Work to complete
Which lines of the entries hold the string "exists"? Copy each one.

Saved data entries
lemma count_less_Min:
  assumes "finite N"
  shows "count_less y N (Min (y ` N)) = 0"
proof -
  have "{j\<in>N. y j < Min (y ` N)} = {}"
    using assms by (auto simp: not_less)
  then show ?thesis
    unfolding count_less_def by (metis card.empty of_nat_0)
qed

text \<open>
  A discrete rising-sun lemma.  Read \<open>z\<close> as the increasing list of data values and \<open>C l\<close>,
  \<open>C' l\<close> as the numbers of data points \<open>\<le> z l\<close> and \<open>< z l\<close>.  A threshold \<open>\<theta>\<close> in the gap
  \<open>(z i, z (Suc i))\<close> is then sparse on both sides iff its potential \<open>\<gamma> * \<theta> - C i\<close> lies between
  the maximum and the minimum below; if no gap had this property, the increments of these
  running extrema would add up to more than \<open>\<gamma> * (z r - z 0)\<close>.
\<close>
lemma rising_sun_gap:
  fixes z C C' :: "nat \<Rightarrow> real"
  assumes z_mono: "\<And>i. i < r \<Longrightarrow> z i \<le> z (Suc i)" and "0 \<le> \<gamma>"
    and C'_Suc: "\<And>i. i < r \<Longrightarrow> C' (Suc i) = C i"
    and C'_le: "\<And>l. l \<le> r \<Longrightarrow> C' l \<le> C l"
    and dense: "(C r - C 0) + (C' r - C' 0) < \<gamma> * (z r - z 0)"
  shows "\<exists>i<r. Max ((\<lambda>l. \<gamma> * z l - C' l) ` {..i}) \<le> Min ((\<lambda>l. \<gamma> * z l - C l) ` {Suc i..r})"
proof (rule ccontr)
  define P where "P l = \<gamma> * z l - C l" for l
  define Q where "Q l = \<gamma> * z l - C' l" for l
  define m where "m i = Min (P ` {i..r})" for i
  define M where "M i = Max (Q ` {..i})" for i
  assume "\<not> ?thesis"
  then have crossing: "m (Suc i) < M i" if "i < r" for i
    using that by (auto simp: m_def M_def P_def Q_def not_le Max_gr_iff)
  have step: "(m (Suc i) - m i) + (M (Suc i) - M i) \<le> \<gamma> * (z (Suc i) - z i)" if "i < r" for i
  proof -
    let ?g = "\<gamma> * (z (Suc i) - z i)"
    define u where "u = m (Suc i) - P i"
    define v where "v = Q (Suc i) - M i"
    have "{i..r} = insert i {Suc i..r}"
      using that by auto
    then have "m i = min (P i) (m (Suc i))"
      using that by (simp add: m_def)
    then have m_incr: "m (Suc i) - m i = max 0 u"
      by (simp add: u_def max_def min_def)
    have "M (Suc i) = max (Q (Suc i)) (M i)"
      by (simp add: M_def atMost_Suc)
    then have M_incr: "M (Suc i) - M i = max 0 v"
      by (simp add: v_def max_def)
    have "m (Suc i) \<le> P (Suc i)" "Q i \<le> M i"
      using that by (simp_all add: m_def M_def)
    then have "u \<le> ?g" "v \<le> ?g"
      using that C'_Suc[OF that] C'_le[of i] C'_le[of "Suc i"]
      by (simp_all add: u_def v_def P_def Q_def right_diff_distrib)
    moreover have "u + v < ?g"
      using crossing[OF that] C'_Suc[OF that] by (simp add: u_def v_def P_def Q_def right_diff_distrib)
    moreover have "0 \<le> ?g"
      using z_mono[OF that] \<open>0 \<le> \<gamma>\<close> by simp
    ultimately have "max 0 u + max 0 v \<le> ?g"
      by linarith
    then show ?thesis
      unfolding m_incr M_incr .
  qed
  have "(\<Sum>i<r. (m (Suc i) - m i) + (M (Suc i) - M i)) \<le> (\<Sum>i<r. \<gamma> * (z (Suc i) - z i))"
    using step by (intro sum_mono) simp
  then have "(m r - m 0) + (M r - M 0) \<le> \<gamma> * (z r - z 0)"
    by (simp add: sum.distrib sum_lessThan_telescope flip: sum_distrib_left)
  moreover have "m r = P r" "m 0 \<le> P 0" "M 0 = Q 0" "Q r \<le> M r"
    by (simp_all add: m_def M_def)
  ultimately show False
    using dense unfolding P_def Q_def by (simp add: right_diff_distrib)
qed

* * *

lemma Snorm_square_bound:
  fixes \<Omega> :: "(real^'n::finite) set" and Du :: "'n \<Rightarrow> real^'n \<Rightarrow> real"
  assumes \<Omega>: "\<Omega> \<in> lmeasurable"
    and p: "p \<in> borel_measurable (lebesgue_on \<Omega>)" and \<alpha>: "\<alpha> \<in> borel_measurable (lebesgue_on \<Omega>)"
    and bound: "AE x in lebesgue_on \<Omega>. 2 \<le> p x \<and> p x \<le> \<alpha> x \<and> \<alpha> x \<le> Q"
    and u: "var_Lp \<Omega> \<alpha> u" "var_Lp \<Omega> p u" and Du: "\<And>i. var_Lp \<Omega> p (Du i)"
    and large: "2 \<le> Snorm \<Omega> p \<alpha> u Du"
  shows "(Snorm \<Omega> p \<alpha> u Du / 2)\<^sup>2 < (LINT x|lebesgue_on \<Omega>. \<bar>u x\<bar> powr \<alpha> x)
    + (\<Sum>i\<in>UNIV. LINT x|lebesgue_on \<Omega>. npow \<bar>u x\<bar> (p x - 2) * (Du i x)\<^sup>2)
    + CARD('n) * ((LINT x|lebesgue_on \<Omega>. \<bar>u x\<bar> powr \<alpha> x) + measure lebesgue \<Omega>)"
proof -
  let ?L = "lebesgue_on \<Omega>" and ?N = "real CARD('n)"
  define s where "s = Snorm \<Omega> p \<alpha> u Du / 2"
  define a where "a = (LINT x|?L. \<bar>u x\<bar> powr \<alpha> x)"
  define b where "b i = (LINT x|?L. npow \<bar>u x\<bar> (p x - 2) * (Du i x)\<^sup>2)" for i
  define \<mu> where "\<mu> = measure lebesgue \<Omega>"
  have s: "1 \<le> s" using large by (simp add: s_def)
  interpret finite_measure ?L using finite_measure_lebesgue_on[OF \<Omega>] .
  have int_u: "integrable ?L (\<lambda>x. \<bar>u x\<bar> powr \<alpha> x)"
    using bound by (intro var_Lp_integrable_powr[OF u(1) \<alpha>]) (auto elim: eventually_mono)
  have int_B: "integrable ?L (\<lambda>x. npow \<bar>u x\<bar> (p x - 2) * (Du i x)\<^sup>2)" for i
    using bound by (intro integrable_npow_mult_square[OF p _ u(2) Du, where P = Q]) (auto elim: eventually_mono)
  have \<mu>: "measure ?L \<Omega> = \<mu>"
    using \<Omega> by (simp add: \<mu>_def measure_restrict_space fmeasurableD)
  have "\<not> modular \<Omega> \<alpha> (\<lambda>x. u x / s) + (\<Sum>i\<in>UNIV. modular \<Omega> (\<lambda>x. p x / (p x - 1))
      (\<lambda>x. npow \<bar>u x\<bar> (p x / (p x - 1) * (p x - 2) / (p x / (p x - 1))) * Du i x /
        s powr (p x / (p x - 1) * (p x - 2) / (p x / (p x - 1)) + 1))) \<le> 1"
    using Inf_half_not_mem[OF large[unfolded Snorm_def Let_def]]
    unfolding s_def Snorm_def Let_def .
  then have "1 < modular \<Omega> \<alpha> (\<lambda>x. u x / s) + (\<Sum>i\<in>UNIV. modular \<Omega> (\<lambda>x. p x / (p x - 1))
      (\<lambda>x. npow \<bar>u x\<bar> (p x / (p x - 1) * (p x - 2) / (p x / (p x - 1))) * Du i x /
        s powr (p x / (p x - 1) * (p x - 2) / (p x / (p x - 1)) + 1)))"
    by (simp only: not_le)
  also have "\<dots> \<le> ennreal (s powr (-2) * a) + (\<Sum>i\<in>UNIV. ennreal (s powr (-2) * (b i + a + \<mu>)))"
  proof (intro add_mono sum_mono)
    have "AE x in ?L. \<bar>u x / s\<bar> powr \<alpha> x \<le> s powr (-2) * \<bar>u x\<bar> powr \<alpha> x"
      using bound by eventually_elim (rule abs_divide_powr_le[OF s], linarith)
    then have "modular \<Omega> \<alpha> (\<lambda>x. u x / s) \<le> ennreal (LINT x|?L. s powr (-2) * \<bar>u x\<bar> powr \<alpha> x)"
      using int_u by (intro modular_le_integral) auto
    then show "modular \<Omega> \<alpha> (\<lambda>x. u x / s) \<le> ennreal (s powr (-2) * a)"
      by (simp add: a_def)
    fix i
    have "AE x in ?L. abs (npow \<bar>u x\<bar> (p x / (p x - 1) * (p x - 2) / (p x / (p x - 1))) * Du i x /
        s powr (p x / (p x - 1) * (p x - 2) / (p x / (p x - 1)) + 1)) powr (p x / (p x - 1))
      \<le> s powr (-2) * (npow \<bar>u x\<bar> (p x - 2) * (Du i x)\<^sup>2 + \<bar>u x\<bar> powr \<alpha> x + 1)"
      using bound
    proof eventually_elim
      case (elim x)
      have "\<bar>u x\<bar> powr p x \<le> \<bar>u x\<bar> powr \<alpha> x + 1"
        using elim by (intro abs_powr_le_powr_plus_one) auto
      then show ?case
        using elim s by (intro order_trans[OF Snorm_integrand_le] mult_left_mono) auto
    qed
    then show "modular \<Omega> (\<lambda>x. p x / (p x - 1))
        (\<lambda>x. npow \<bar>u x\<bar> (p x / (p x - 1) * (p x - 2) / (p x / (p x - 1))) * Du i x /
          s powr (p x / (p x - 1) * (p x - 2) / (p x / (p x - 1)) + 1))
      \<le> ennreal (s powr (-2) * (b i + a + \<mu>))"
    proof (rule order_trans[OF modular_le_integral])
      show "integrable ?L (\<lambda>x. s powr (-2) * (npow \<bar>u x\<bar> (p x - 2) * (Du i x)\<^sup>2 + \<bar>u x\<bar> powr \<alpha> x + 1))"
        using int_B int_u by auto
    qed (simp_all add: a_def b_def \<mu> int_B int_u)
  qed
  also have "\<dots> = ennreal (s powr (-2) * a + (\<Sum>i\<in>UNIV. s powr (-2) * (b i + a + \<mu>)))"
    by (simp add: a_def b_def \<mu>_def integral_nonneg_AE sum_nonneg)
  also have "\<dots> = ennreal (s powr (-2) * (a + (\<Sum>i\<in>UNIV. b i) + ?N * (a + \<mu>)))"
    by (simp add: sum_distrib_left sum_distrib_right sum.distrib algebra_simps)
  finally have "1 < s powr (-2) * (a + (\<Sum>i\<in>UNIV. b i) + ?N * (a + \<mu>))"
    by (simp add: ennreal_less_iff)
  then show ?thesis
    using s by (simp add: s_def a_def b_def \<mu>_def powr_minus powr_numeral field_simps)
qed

...

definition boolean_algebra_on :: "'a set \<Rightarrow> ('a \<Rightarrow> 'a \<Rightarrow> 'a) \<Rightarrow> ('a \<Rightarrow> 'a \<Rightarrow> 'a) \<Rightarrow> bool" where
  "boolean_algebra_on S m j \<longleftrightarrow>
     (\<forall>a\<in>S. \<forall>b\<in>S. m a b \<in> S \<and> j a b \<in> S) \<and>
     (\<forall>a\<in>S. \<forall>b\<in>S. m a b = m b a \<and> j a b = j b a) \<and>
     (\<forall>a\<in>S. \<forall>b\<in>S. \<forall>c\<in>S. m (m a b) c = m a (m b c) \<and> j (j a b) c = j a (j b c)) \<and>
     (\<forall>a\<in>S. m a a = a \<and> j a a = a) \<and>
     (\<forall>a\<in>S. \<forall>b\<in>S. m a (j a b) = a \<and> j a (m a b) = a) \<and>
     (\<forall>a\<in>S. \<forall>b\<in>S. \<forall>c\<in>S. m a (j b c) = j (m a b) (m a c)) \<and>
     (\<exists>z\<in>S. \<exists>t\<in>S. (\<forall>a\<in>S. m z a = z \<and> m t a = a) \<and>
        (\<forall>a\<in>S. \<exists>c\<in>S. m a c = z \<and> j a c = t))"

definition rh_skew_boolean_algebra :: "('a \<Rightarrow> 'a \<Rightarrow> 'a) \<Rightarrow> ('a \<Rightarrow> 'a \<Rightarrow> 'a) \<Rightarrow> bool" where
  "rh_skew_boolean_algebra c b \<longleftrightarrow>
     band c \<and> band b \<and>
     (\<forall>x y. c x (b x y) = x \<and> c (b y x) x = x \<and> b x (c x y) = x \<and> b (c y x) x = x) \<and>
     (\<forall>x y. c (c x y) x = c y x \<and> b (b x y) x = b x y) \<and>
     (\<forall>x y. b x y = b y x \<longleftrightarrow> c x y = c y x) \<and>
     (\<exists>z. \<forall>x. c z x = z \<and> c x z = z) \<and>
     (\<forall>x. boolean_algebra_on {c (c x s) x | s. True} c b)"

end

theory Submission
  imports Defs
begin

Your solution
  shows "\<exists>i<r. Max ((\<lambda>l. \<gamma> * z l - C' l) ` {..i}) \<le> Min ((\<lambda>l. \<gamma> * z l - C l) ` {Suc i..r})"
     (\<exists>z\<in>S. \<exists>t\<in>S. (\<forall>a\<in>S. m z a = z \<and> m t a = a) \<and>
        (\<forall>a\<in>S. \<exists>c\<in>S. m a c = z \<and> j a c = t))"
     (\<exists>z. \<forall>x. c z x = z \<and> c x z = z) \<and>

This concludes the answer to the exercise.